Lately being stuck between a rock and a hard place seems like such an extreme understatement for my life. I've been so busy between trying to sort out things with Odie, and school for the kids, and taking care of the kids, and housework, and trying to organize stuff, and trying to somewhere squeeze in a very strained relationship, and listening to my mom's rants about her life, that my personal me time was lost in the shuffle long ago. Unfortunately, things like this blog are considered part of that me time. While I frequently think of things I should write on here, I seldom have the time to actually do so. Or I'll start to type up a post, then won't have time to finish it. And by the time I get back to it however many hours or days later, the thought pattern is completely lost.
That being said, this is my life. And right at this moment I'm wondering why. My mom is still hung up on her old lover, and keeps going back and forth on whether she wants to be with him or not. And thus keeps calling me crying about life, from one extreme to the other. Having been through this emotional roller coaster myself, I'd love to be able to make things simpler or clearer or help her through them somehow. But, unfortunately, the only thing I can think of to do is to explain to her that she has to sort through this one on her own. Because every time I was in those situations, my mother's only piece of advice to me was "get over it or get out of my house", so I don't exactly have the best database of advice to pull from when it comes to relationships.
And somehow, it all comes back to being my fault, again. Just as everything always has. And people wonder why I'm so hard on myself. Well, heck, if you're gonna sit there and tell me that if I'd just left you alone completely everything would have worked out and that that was the only thing that ruined things in the end, yeah, I'm gonna feel like crap... My whole life, it's been this roller coaster ride through hell and back, constantly trying to figure out where I stand. As a child, my only dream was to be able to make my mom proud of me, just once. As a mom, my only dream has been to make it through one day without my daughter seeing me cry. I haven't accomplished either.

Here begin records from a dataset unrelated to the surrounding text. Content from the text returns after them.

(* For $i=1,\cdots,r$ let $\Theta_i\in H^\infty_{M_{n\times m_i}}$ be matrix inner functions, and let $\Theta\in H^\infty_{M_{n\times l}}$ be a greatest common divisor of $\{\Theta_1,\cdots,\Theta_r\}$, i.e. a matrix inner function with $\bigvee_{i=1}^r\Theta_iH^2_{\mathbb C^{m_i}}=\Theta H^2_{\mathbb C^l}$ (closed linear span). Then $\max\{m_1,\cdots,m_r\}\le l\le\sum_{i=1}^rm_i$.
   Context: A matrix function $\Theta\in H^\infty_{M_{n\times m}}$ is inner if $\Theta(\zeta)^*\Theta(\zeta)=I$ for a.e. $\zeta$ on the unit circle; $H^2_{\mathbb C^m}$ is the space of column vectors of $m$ functions in the Hardy space $H^2$. *)

theory Defs
  imports "HOL-Analysis.Analysis"
begin

(* The unit circle is parametrised by t in [0, 2*pi] (zeta = exp(i t)) with Lebesgue measure.
   Vector-valued functions are  nat => real => complex  (component index first);
   a vector in C^n uses components i < n and is zero in components i >= n.
   Matrix functions are  nat => nat => real => complex  (row, column), entries used for i<n, j<m. *)

definition is_L2 :: "(real \<Rightarrow> complex) \<Rightarrow> bool" where
  "is_L2 f \<longleftrightarrow> f \<in> borel_measurable lborel \<and>
     set_integrable lborel {0..2*pi} (\<lambda>t. (cmod (f t))^2)"

text \<open>Scalar Hardy space H^2: L^2 functions on the circle whose Fourier coefficients
  of negative index vanish.\<close>
definition is_H2 :: "(real \<Rightarrow> complex) \<Rightarrow> bool" where
  "is_H2 f \<longleftrightarrow> is_L2 f \<and>
     (\<forall>k::nat. k > 0 \<longrightarrow>
        (LINT t:{0..2*pi}|lborel. f t * exp (\<i> * of_nat k * of_real t)) = 0)"

definition is_Hinf :: "(real \<Rightarrow> complex) \<Rightarrow> bool" where
  "is_Hinf f \<longleftrightarrow> is_H2 f \<and>
     (\<exists>B. AE t in lborel. t \<in> {0..2*pi} \<longrightarrow> cmod (f t) \<le> B)"

definition is_inner :: "nat \<Rightarrow> nat \<Rightarrow> (nat \<Rightarrow> nat \<Rightarrow> real \<Rightarrow> complex) \<Rightarrow> bool" where
  "is_inner n m \<Theta> \<longleftrightarrow> (\<forall>i<n. \<forall>j<m. is_Hinf (\<Theta> i j)) \<and>
     (AE t in lborel. t \<in> {0..2*pi} \<longrightarrow>
        (\<forall>j<m. \<forall>k<m. (\<Sum>i<n. cnj (\<Theta> i j t) * \<Theta> i k t) = (if j = k then 1 else 0)))"

definition vec_L2 :: "nat \<Rightarrow> (nat \<Rightarrow> real \<Rightarrow> complex) \<Rightarrow> bool" where
  "vec_L2 n f \<longleftrightarrow> (\<forall>i<n. is_L2 (f i)) \<and> (\<forall>i\<ge>n. f i = (\<lambda>_. 0))"

definition vec_H2 :: "nat \<Rightarrow> (nat \<Rightarrow> real \<Rightarrow> complex) \<Rightarrow> bool" where
  "vec_H2 m f \<longleftrightarrow> (\<forall>j<m. is_H2 (f j)) \<and> (\<forall>j\<ge>m. f j = (\<lambda>_. 0))"

definition mat_apply :: "nat \<Rightarrow> nat \<Rightarrow> (nat \<Rightarrow> nat \<Rightarrow> real \<Rightarrow> complex) \<Rightarrow>
    (nat \<Rightarrow> real \<Rightarrow> complex) \<Rightarrow> (nat \<Rightarrow> real \<Rightarrow> complex)" where
  "mat_apply n m \<Theta> f = (\<lambda>i t. if i < n then (\<Sum>j<m. \<Theta> i j t * f j t) else 0)"

definition l2dist :: "nat \<Rightarrow> (nat \<Rightarrow> real \<Rightarrow> complex) \<Rightarrow> (nat \<Rightarrow> real \<Rightarrow> complex) \<Rightarrow> real" where
  "l2dist n g h = sqrt (\<Sum>i<n. LINT t:{0..2*pi}|lborel. (cmod (g i t - h i t))^2)"

text \<open>Theta H^2_{C^m}, as a subset of L^2_{C^n} (functions identified a.e.).\<close>
definition range_mult :: "nat \<Rightarrow> nat \<Rightarrow> (nat \<Rightarrow> nat \<Rightarrow> real \<Rightarrow> complex) \<Rightarrow>
    (nat \<Rightarrow> real \<Rightarrow> complex) set" where
  "range_mult n m \<Theta> = {g. vec_L2 n g \<and> (\<exists>f. vec_H2 m f \<and> l2dist n g (mat_apply n m \<Theta> f) = 0)}"

definition lin_span :: "(nat \<Rightarrow> real \<Rightarrow> complex) set \<Rightarrow> (nat \<Rightarrow> real \<Rightarrow> complex) set" where
  "lin_span S = {g. \<exists>N (c :: nat \<Rightarrow> complex) v. (\<forall>k<N. v k \<in> S) \<and>
                     g = (\<lambda>i t. \<Sum>k<N. c k * v k i t)}"

definition l2_closure :: "nat \<Rightarrow> (nat \<Rightarrow> real \<Rightarrow> complex) set \<Rightarrow> (nat \<Rightarrow> real \<Rightarrow> complex) set" where
  "l2_closure n S = {g. vec_L2 n g \<and> (\<forall>\<epsilon>>0. \<exists>h\<in>S. l2dist n g h < \<epsilon>)}"

end

theory Submission
  imports Defs "HOL-Library.Function_Algebras"
begin

(* Both bounds are pointwise dimension counts. For almost every t the columns of an inner
   function form an orthonormal family in C^n, and every function in Theta_i H^2 takes its value
   at t in the span of the columns of Theta_i(t). The columns of Theta_i lie in Theta H^2, so the
   m_i orthonormal columns of Theta_i(t) lie in the span of the l columns of Theta(t): m_i <= l.
   Conversely, every column of Theta is an L^2-limit of finite combinations of functions in the
   spaces Theta_i H^2. Approximating all l columns and averaging the squared error over the
   circle yields a point t at which the columns of Theta(t) are orthonormal and each is uniformly
   close to a vector in the span of the sum of m_i columns of the Theta_i(t). Vectors that close
   to an orthonormal family are linearly independent, hence l <= sum of the m_i. *)

section \<open>Nearly orthonormal families of vectors\<close>

definition scale_vec :: "complex \<Rightarrow> ('a \<Rightarrow> complex) \<Rightarrow> 'a \<Rightarrow> complex" where
  "scale_vec c v = (\<lambda>i. c * v i)"

interpretation cvec: vector_space scale_vec
  by unfold_locales (auto simp: scale_vec_def fun_eq_iff algebra_simps)

lemma sum_scale_vec_apply: "(\<Sum>x\<in>A. scale_vec (c x) (v x)) i = (\<Sum>x\<in>A. c x * v x i)"
  by (induction A rule: infinite_finite_induct) (auto simp: scale_vec_def)

definition orthonormal_family :: "nat \<Rightarrow> nat \<Rightarrow> (nat \<Rightarrow> nat \<Rightarrow> complex) \<Rightarrow> bool" where
  "orthonormal_family n m u \<longleftrightarrow>
     (\<forall>j<m. \<forall>k<m. (\<Sum>i<n. cnj (u j i) * u k i) = (if j = k then 1 else 0))"

lemma unit_vector_norm_le_1:
  fixes u :: "nat \<Rightarrow> complex"
  assumes unit: "(\<Sum>i<n. cnj (u i) * u i) = 1" and "i < n"
  shows "cmod (u i) \<le> 1"
proof -
  have "(\<Sum>i<n. cnj (u i) * u i) = of_real (\<Sum>i<n. (cmod (u i))\<^sup>2)"
    unfolding of_real_sum by (intro sum.cong refl) (metis complex_norm_square mult.commute)
  with unit have "(\<Sum>i<n. (cmod (u i))\<^sup>2) = 1"
    by (metis of_real_eq_1_iff)
  moreover have "(cmod (u i))\<^sup>2 \<le> (\<Sum>i<n. (cmod (u i))\<^sup>2)"
    using \<open>i < n\<close> by (intro member_le_sum) auto
  ultimately show ?thesis
    by (simp add: power_le_one_iff)
qed

lemma unit_vector_inner_le:
  fixes u w :: "nat \<Rightarrow> complex"
  assumes unit: "(\<Sum>i<n. cnj (u i) * u i) = 1"
    and small: "\<forall>i<n. cmod (w i) \<le> \<eta>"
  shows "cmod (\<Sum>i<n. cnj (u i) * w i) \<le> real n * \<eta>"
proof -
  have "cmod (\<Sum>i<n. cnj (u i) * w i) \<le> (\<Sum>i<n. cmod (u i) * cmod (w i))"
    by (metis (no_types, lifting) complex_mod_cnj norm_mult norm_sum sum.cong)
  also have "\<dots> \<le> (\<Sum>i<n. \<eta>)"
  proof (rule sum_mono)
    fix i assume "i \<in> {..<n}"
    then have "cmod (u i) \<le> 1" "cmod (w i) \<le> \<eta>"
      using unit_vector_norm_le_1[OF unit] small by auto
    then show "cmod (u i) * cmod (w i) \<le> \<eta>"
      by (metis mult_left_le_one_le norm_ge_zero order_trans)
  qed
  finally show ?thesis
    by simp
qed

lemma near_orthonormal_scalars_zero:
  fixes u h :: "nat \<Rightarrow> nat \<Rightarrow> complex" and c :: "nat \<Rightarrow> complex"
  assumes orth: "orthonormal_family n l u"
    and close: "\<forall>k<l. \<forall>i<n. cmod (u k i - h k i) \<le> \<eta>"
    and small: "real l * real n * \<eta> < 1"
    and comb: "\<forall>i<n. (\<Sum>k<l. c k * h k i) = 0"
  shows "\<forall>k<l. c k = 0"
proof -
  define e where "e j k = (\<Sum>i<n. cnj (u j i) * (u k i - h k i))" for j k
  have e_bound: "cmod (e j k) \<le> real n * \<eta>" if "j < l" "k < l" for j k
    unfolding e_def using orth close that
    by (intro unit_vector_inner_le) (auto simp: orthonormal_family_def)
  \<comment> \<open>Pairing the vanishing combination with \<open>u j\<close>; as \<open>e\<close> is small, the l1-norm \<open>C\<close> of \<open>c\<close>
    satisfies \<open>C \<le> l n \<eta> C\<close>.\<close>
  have c_eq: "c j = (\<Sum>k<l. c k * e j k)" if "j < l" for j
  proof -
    have "0 = (\<Sum>i<n. cnj (u j i) * (\<Sum>k<l. c k * h k i))"
      using comb by simp
    also have "\<dots> = (\<Sum>k<l. c k * (\<Sum>i<n. cnj (u j i) * h k i))"
      by (simp add: sum_distrib_left algebra_simps sum.swap[of _ "{..<n}"])
    also have "\<dots> = (\<Sum>k<l. c k * ((if j = k then 1 else 0) - e j k))"
      using orth that
      by (intro sum.cong) (auto simp: orthonormal_family_def e_def algebra_simps sum_subtractf)
    also have "\<dots> = (\<Sum>k<l. (if j = k then c k else 0) - c k * e j k)"
      by (intro sum.cong) (auto simp: algebra_simps)
    also have "\<dots> = c j - (\<Sum>k<l. c k * e j k)"
      using that by (simp add: sum_subtractf)
    finally show ?thesis by simp
  qed
  define C where "C = (\<Sum>k<l. cmod (c k))"
  have "C \<le> (\<Sum>j<l. real n * \<eta> * C)"
    unfolding C_def
  proof (rule sum_mono)
    fix j assume j: "j \<in> {..<l}"
    have "cmod (c j) \<le> (\<Sum>k<l. cmod (c k * e j k))"
      using c_eq[of j] j by (metis lessThan_iff norm_sum)
    also have "\<dots> \<le> (\<Sum>k<l. cmod (c k) * (real n * \<eta>))"
      using e_bound j by (intro sum_mono) (simp add: norm_mult mult_left_mono)
    finally show "cmod (c j) \<le> real n * \<eta> * (\<Sum>k<l. cmod (c k))"
      by (simp add: sum_distrib_left mult_ac)
  qed
  then have "(1 - real l * real n * \<eta>) * C \<le> 0"
    by (simp add: algebra_simps)
  with small have "C = 0"
    unfolding C_def by (simp add: mult_le_0_iff sum_nonneg order_antisym)
  then show ?thesis
    unfolding C_def by (simp add: sum_nonneg_eq_0_iff)
qed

I guess in the end, none of that really matters anyway. But how do you comfort someone who never knew how to comfort you? I don't know. It's amazing how anything anyone says or does can be taken so many different ways and twisted and molded and carved to be made into excatly whatever the observer chooses to see or hear. And I don't know where to go from here. How many days do I spend crying over my failures that caused someone else's turmoil? I don't know.
My thoughts are too chaotic for me to focus at all right now, so I'm done for now. I'll try to write again soon. Hopefully your life is smoother at the moment. Peace out.